Negative exponents can be a bit tricky at first, but once you get the hang of them, they'll be a powerful tool in your math toolkit. The rule to remember is: whenever you see a negative exponent, think about flipping the base to turn it positive. For instance, if you encounter an expression like \( x^{-n} \), this is equivalent to \( \frac{1}{x^n} \). Basically, you're taking the reciprocal of the base and getting rid of the negative sign by making the exponent positive.
In our exercise, we found \((xy)^{-1}\). Using our negative exponent rule, we changed this to \(\frac{1}{xy}\). The negative exponent inverts the base, moving it from the denominator to the numerator (or vice versa) as needed. Keeping this rule in mind makes handling negative exponents much simpler.

Simplifying expressions involves reducing them to their simplest form. This usually means breaking down complex terms and rewriting them to be more manageable. When working with exponents, it's crucial to follow the exponent rules, like the negative exponent rule we discussed.
In our problem, we started with the expression \( \frac{5 a^{2}}{(x y)^{-1}} \). By applying the negative exponent rule, we changed it to \( \frac{5 a^{2}}{\frac{1}{xy}} \). Next, knowing that dividing by a fraction is the same as multiplying by its reciprocal, we turned it into a straightforward multiplication problem: \( 5a^2 \times xy \).
Simplifying expressions often involves transforming complex fractions into easier products, just like we did here. It's all about reshaping the expression in a way that's easier to understand and work with.

Algebraic multiplication seems straightforward, but ensuring the correct application of it is vital in obtaining a correct expression.
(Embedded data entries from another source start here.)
(* Let $M\in\mathrm{Mat}(d,\mathbb{Z})$ with $D=\det(M)$, and let $r\in\mathbb{N}$. (a) Let $p\neq2$ be a prime. If $M$ is reversible mod $p^r$, then $D\equiv\pm1\pmod{p^r}$. If $d=2$, then $M$ is reversible mod $p^r$ if and only if $D\equiv1\pmod{p^r}$ or $M^2\equiv\mathbb{1}\pmod{p^r}$. (b) If $M$ is reversible mod $2^r$, then $D\equiv\pm1\pmod{2^{r-1}}$. If moreover $d=2$, $r\ge2$, $M$ is reversible mod $2^r$ and $D\equiv-1\pmod{2^{r-1}}$, then $M^2\equiv\mathbb{1}\pmod{2^{r-2}}$.
   Context: An integer matrix $M$ whose determinant is a unit mod $n$ is reversible mod $n$ if there exists $R\in\mathrm{GL}(d,\mathbb{Z}/n\mathbb{Z})$ with $RMR^{-1}\equiv M^{-1}\pmod n$, where $M^{-1}$ is the inverse of $M$ over $\mathbb{Z}/n\mathbb{Z}$. *)

theory Defs
  imports "Jordan_Normal_Form.Determinant" "HOL-Number_Theory.Cong"
begin

definition mat_cong :: "int \<Rightarrow> int mat \<Rightarrow> int mat \<Rightarrow> bool" where
  "mat_cong n A B \<longleftrightarrow> dim_row A = dim_row B \<and> dim_col A = dim_col B \<and>
     (\<forall>i<dim_row A. \<forall>j<dim_col A. [A $$ (i,j) = B $$ (i,j)] (mod n))"

definition reversible_mod :: "int \<Rightarrow> int mat \<Rightarrow> bool" where
  "reversible_mod n M \<longleftrightarrow>
     (let d = dim_row M in
       M \<in> carrier_mat d d \<and> coprime (det M) n \<and>
       (\<exists>R Rinv Minv. R \<in> carrier_mat d d \<and> Rinv \<in> carrier_mat d d \<and> Minv \<in> carrier_mat d d \<and>
          mat_cong n (R * Rinv) (1\<^sub>m d) \<and> mat_cong n (Rinv * R) (1\<^sub>m d) \<and>
          mat_cong n (M * Minv) (1\<^sub>m d) \<and> mat_cong n (Minv * M) (1\<^sub>m d) \<and>
          mat_cong n (R * M * Rinv) Minv))"

end

theory Submission
  imports Defs
begin

text \<open>Taking determinants in R M R^-1 \<equiv> M^-1 gives D^2 \<equiv> 1; modulo an odd prime power the only
  square roots of 1 are \<plusminus>1, and modulo 2^r they are \<plusminus>1 modulo 2^(r-1).
  For d = 2, taking traces and using D M^-1 \<equiv> adj M, whose trace is tr M, gives
  (D - 1) tr M \<equiv> 0. If D \<equiv> -1 this forces tr M \<equiv> 0 (modulo p^r, resp. 2^(r-1)), and
  Cayley-Hamilton, M^2 = tr M \<cdot> M - D, yields M^2 \<equiv> 1. Conversely, an involution is reversed
  by R = 1, and if D \<equiv> 1 then M^-1 \<equiv> adj M, into which M is conjugated by a trace-zero matrix
  R = [[x, y], [z, -x]] with determinant -(x^2 + y z) prime to p.\<close>

lemma mat_cong_refl: "mat_cong n A A"
  by (simp add: mat_cong_def)

lemma mat_cong_dvd_modulus: "mat_cong n A B \<Longrightarrow> m dvd n \<Longrightarrow> mat_cong m A B"
  unfolding mat_cong_def by (metis cong_dvd_modulus)

lemma mat_cong_mult:
  assumes "A \<in> carrier_mat n k" "A' \<in> carrier_mat n k" "B \<in> carrier_mat k m" "B' \<in> carrier_mat k m"
    and "mat_cong q A A'" "mat_cong q B B'"
  shows "mat_cong q (A * B) (A' * B')"
  unfolding mat_cong_def
proof (intro conjI allI impI)
  fix i j assume "i < dim_row (A * B)" "j < dim_col (A * B)"
  with assms show "[(A * B) $$ (i, j) = (A' * B') $$ (i, j)] (mod q)"
    unfolding mat_cong_def by (auto simp: scalar_prod_def intro!: cong_sum cong_mult)
qed (use assms in auto)

lemma mat_cong_smult_one: "[c = 1] (mod q) \<Longrightarrow> mat_cong q (c \<cdot>\<^sub>m 1\<^sub>m d) (1\<^sub>m d)"
  by (simp add: mat_cong_def)

lemma mat_cong_det:
  assumes A: "A \<in> carrier_mat n n" "B \<in> carrier_mat n n" and AB: "mat_cong q A B"
  shows "[det A = det B] (mod q)"
  unfolding det_def'[OF A(1)] det_def'[OF A(2)]
proof (intro cong_sum cong_mult cong_refl cong_prod)
  fix p i assume "p \<in> {p. p permutes {0..<n}}" "i \<in> {0..<n}"
  then have "p i < n" using permutes_in_image by fastforce
  with A AB \<open>i \<in> {0..<n}\<close> show "[A $$ (i, p i) = B $$ (i, p i)] (mod q)"
    unfolding mat_cong_def by auto
qed

lemma mat_cong_one_imp_coprime_det:
  assumes "A \<in> carrier_mat n n" "B \<in> carrier_mat n n" "mat_cong q (A * B) (1\<^sub>m n)"
  shows "coprime (det A) q"
proof -
  have "[det (A * B) = det (1\<^sub>m n)] (mod q)"
    using assms by (intro mat_cong_det[of _ n]) auto
  then have "[det A * det B = 1] (mod q)"
    using assms by (simp add: det_mult)
  then show ?thesis
    unfolding coprime_iff_invertible_int by blast
qed

definition trace :: "'a :: comm_ring_1 mat \<Rightarrow> 'a" where
  "trace A = (\<Sum>i<dim_row A. A $$ (i, i))"

lemma trace_mult_comm:
  assumes "A \<in> carrier_mat n m" "B \<in> carrier_mat m n"
  shows "trace (A * B) = trace (B * A)"
proof -
  have "trace (A * B) = (\<Sum>i<n. \<Sum>l<m. A $$ (i, l) * B $$ (l, i))"
    using assms by (simp add: trace_def scalar_prod_def atLeast0LessThan)
  also have "\<dots> = (\<Sum>l<m. \<Sum>i<n. B $$ (l, i) * A $$ (i, l))"
    by (subst sum.swap) (simp add: mult.commute)
  also have "\<dots> = trace (B * A)"
    using assms by (simp add: trace_def scalar_prod_def atLeast0LessThan)
  finally show ?thesis .
qed

lemma trace_smult: "A \<in> carrier_mat n n \<Longrightarrow> trace (c \<cdot>\<^sub>m A) = c * trace A"
  by (simp add: trace_def sum_distrib_left)

lemma mat_cong_trace:
  "A \<in> carrier_mat n n \<Longrightarrow> mat_cong q A B \<Longrightarrow> [trace A = trace B] (mod q)"
  unfolding mat_cong_def trace_def by (auto intro!: cong_sum)

lemma mat_cong_trace_conj:
  assumes "M \<in> carrier_mat n n" "R \<in> carrier_mat n n" "Rinv \<in> carrier_mat n n"
    and "mat_cong q (Rinv * R) (1\<^sub>m n)"
  shows "[trace (R * M * Rinv) = trace M] (mod q)"
proof -
  have "trace (R * M * Rinv) = trace (Rinv * (R * M))"
    using assms by (intro trace_mult_comm[of _ n n]) auto
  also have "Rinv * (R * M) = Rinv * R * M"
    using assms by (simp add: assoc_mult_mat[of _ n n _ n _ n])
  also have "[trace \<dots> = trace (1\<^sub>m n * M)] (mod q)"
    using assms by (intro mat_cong_trace[of _ n] mat_cong_mult[OF _ _ _ _ _ mat_cong_refl]) auto
  finally show ?thesis
    using assms by simp
qed

lemma mat_cong_det_smult_inverse:
  assumes "M \<in> carrier_mat n n" "Minv \<in> carrier_mat n n" "mat_cong q (M * Minv) (1\<^sub>m n)"
  shows "mat_cong q (det M \<cdot>\<^sub>m Minv) (adj_mat M)"
proof -
  have "adj_mat M * (M * Minv) = det M \<cdot>\<^sub>m Minv"
    using assms by (simp add: adj_mat assoc_mult_mat[symmetric, of _ n n _ n _ n]
        mult_smult_assoc_mat[of _ n n _ n])
  then have "det M \<cdot>\<^sub>m Minv = adj_mat M * (M * Minv)" ..
  also have "mat_cong q \<dots> (adj_mat M * 1\<^sub>m n)"
    using assms adj_mat(1)[OF assms(1)] by (intro mat_cong_mult[OF _ _ _ _ mat_cong_refl]) auto
  finally show ?thesis
    using adj_mat(1)[OF assms(1)] by simp
qed

lemma reversible_modI:
  assumes "M \<in> carrier_mat d d" "R \<in> carrier_mat d d" "Rinv \<in> carrier_mat d d"
    "Minv \<in> carrier_mat d d"
    and "mat_cong n (R * Rinv) (1\<^sub>m d)" "mat_cong n (Rinv * R) (1\<^sub>m d)"
    and "mat_cong n (M * Minv) (1\<^sub>m d)" "mat_cong n (Minv * M) (1\<^sub>m d)"
    and "mat_cong n (R * M * Rinv) Minv"
  shows "reversible_mod n M"
proof -
  have "coprime (det M) n" "dim_row M = d"
    using assms mat_cong_one_imp_coprime_det[of M d Minv n] by auto
  with assms show ?thesis
    unfolding reversible_mod_def Let_def
    by (intro conjI exI[of _ R] exI[of _ Rinv] exI[of _ Minv]) simp_all
qed

lemma reversible_modE:
  assumes "reversible_mod n M" "M \<in> carrier_mat d d"
  obtains R Rinv Minv where
    "R \<in> carrier_mat d d" "Rinv \<in> carrier_mat d d" "Minv \<in> carrier_mat d d"
    "mat_cong n (R * Rinv) (1\<^sub>m d)" "mat_cong n (Rinv * R) (1\<^sub>m d)"
    "mat_cong n (M * Minv) (1\<^sub>m d)" "mat_cong n (R * M * Rinv) Minv"
proof -
  have "dim_row M = d"
    using assms(2) by simp
  with assms(1) show thesis
    using that unfolding reversible_mod_def Let_def by blast
qed

lemma reversible_mod_det_square:
  assumes "reversible_mod n M" "M \<in> carrier_mat d d"
  shows "[det M * det M = 1] (mod n)"
proof -
  obtain R Rinv Minv where C: "R \<in> carrier_mat d d" "Rinv \<in> carrier_mat d d" "Minv \<in> carrier_mat d d"
    and RRinv: "mat_cong n (R * Rinv) (1\<^sub>m d)" and MMinv: "mat_cong n (M * Minv) (1\<^sub>m d)"
    and rev: "mat_cong n (R * M * Rinv) Minv"
    using assms by (elim reversible_modE)
  have R_unit: "[det R * det Rinv = 1] (mod n)"
    using mat_cong_det[of _ d, OF _ _ RRinv] C by (simp add: det_mult)
  have M_unit: "[det M * det Minv = 1] (mod n)"
    using mat_cong_det[of _ d, OF _ _ MMinv] C assms(2) by (simp add: det_mult)
  have conj: "[det M * (det R * det Rinv) = det Minv] (mod n)"
    using mat_cong_det[of _ d, OF _ _ rev] C assms(2) by (simp add: det_mult ac_simps)
  have "[det M * 1 = det M * (det R * det Rinv)] (mod n)"
    using R_unit by (intro cong_mult cong_refl) (rule cong_sym)
  then have "[det M = det Minv] (mod n)"
    using conj by (simp add: cong_trans)
  then have "[det M * det M = det M * det Minv] (mod n)"
    by (intro cong_mult cong_refl)
  then show ?thesis
    using M_unit by (rule cong_trans)
qed

lemma prime_power_dvd_cancel_left:
  fixes p :: int
  assumes "prime p" "\<not> p dvd a" "p ^ r dvd a * b"
  shows "p ^ r dvd b"
  using assms by (simp add: prime_imp_coprime coprime_dvd_mult_right_iff)

lemma cong_square_one_odd_prime_power:
  fixes p x :: int
  assumes p: "prime p" "p \<noteq> 2" and sq: "[x * x = 1] (mod p ^ r)"
  shows "[x = 1] (mod p ^ r) \<or> [x = -1] (mod p ^ r)"
proof -
  have dvd: "p ^ r dvd (x + 1) * (x - 1)"
    using sq by (simp add: cong_iff_dvd_diff algebra_simps)
  have "\<not> p dvd 2"
    using p primes_dvd_imp_eq[of p 2] by auto
  then have "\<not> p dvd x + 1 \<or> \<not> p dvd x - 1"
    using dvd_diff[of p "x + 1" "x - 1"] by auto
  then show ?thesis
  proof
    assume "\<not> p dvd x + 1"
    then have "p ^ r dvd x - 1"
      using prime_power_dvd_cancel_left[OF p(1) _ dvd] by blast
    then show ?thesis
      by (simp add: cong_iff_dvd_diff)
  next
    assume "\<not> p dvd x - 1"
    moreover have "p ^ r dvd (x - 1) * (x + 1)"
      using dvd by (simp add: mult.commute)
    ultimately have "p ^ r dvd x + 1"
      using prime_power_dvd_cancel_left[OF p(1)] by blast
    then show ?thesis
      by (simp add: cong_iff_dvd_diff)
  qed
qed

lemma cong_square_one_two_power:
  fixes x :: int
  assumes sq: "[x * x = 1] (mod 2 ^ r)"
  shows "[x = 1] (mod 2 ^ (r - 1)) \<or> [x = -1] (mod 2 ^ (r - 1))"
proof (cases "r \<ge> 2")
  case False
  then have "r - 1 = 0"
    by simp
  then show ?thesis
    by simp
next
  case True
  define s where "s = r - 2"
  with True have r: "r = s + 2"
    by simp
  have dvd: "2 ^ r dvd x * x - 1"
    using sq by (simp add: cong_iff_dvd_diff)
  have "(2::int) dvd 2 ^ r"
    using r by simp
  then have "2 dvd x * x - 1"
    using dvd by (rule dvd_trans)
  then have "odd x"
    by auto
  then obtain k where k: "x = 2 * k + 1"
    by (elim oddE)
  have "4 * 2 ^ s dvd 4 * (k * (k + 1))"
    using dvd r k by (simp add: power_add algebra_simps)
  then have "2 ^ s dvd k * (k + 1)"
    by (subst (asm) dvd_mult_cancel_left) simp
  moreover have "\<not> 2 dvd k + 1 \<or> \<not> 2 dvd k"
    by presburger
  ultimately have "2 ^ s dvd k \<or> 2 ^ s dvd k + 1"
    using prime_power_dvd_cancel_left[of 2 "k + 1" s k]
      prime_power_dvd_cancel_left[of 2 k s "k + 1"] by (auto simp: mult.commute)
  moreover have "x - 1 = 2 * k" "x + 1 = 2 * (k + 1)"
    using k by simp_all
  ultimately have "2 * 2 ^ s dvd x - 1 \<or> 2 * 2 ^ s dvd x + 1"
    by (metis mult_dvd_mono dvd_refl)
  then show ?thesis
    using r by (simp add: cong_iff_dvd_diff)
qed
Whether you're multiplying numbers, variables, or a combination of both, keep the multiplication rules in mind to maintain accuracy.
In our exercise, we reached the multiplication part: \( 5a^2 \times xy \). Here, you multiply the constants and variables separately. Start by multiplying the constants (or coefficients) which gives you \(5\) in this case. Then, simply multiply the like bases together under the rules of exponents. This means adding the exponents when the bases are the same.
So \( a^2 \times a^0 = a^{2+0} \), however, since \(xy\) has no exponents shown, it implies each is raised to the power of 1, thus \(x^1y^1\). Finally, assembling these products gives the expression \(5a^2xy\). Remember, clear and careful multiplication keeps expressions accurate and simplified.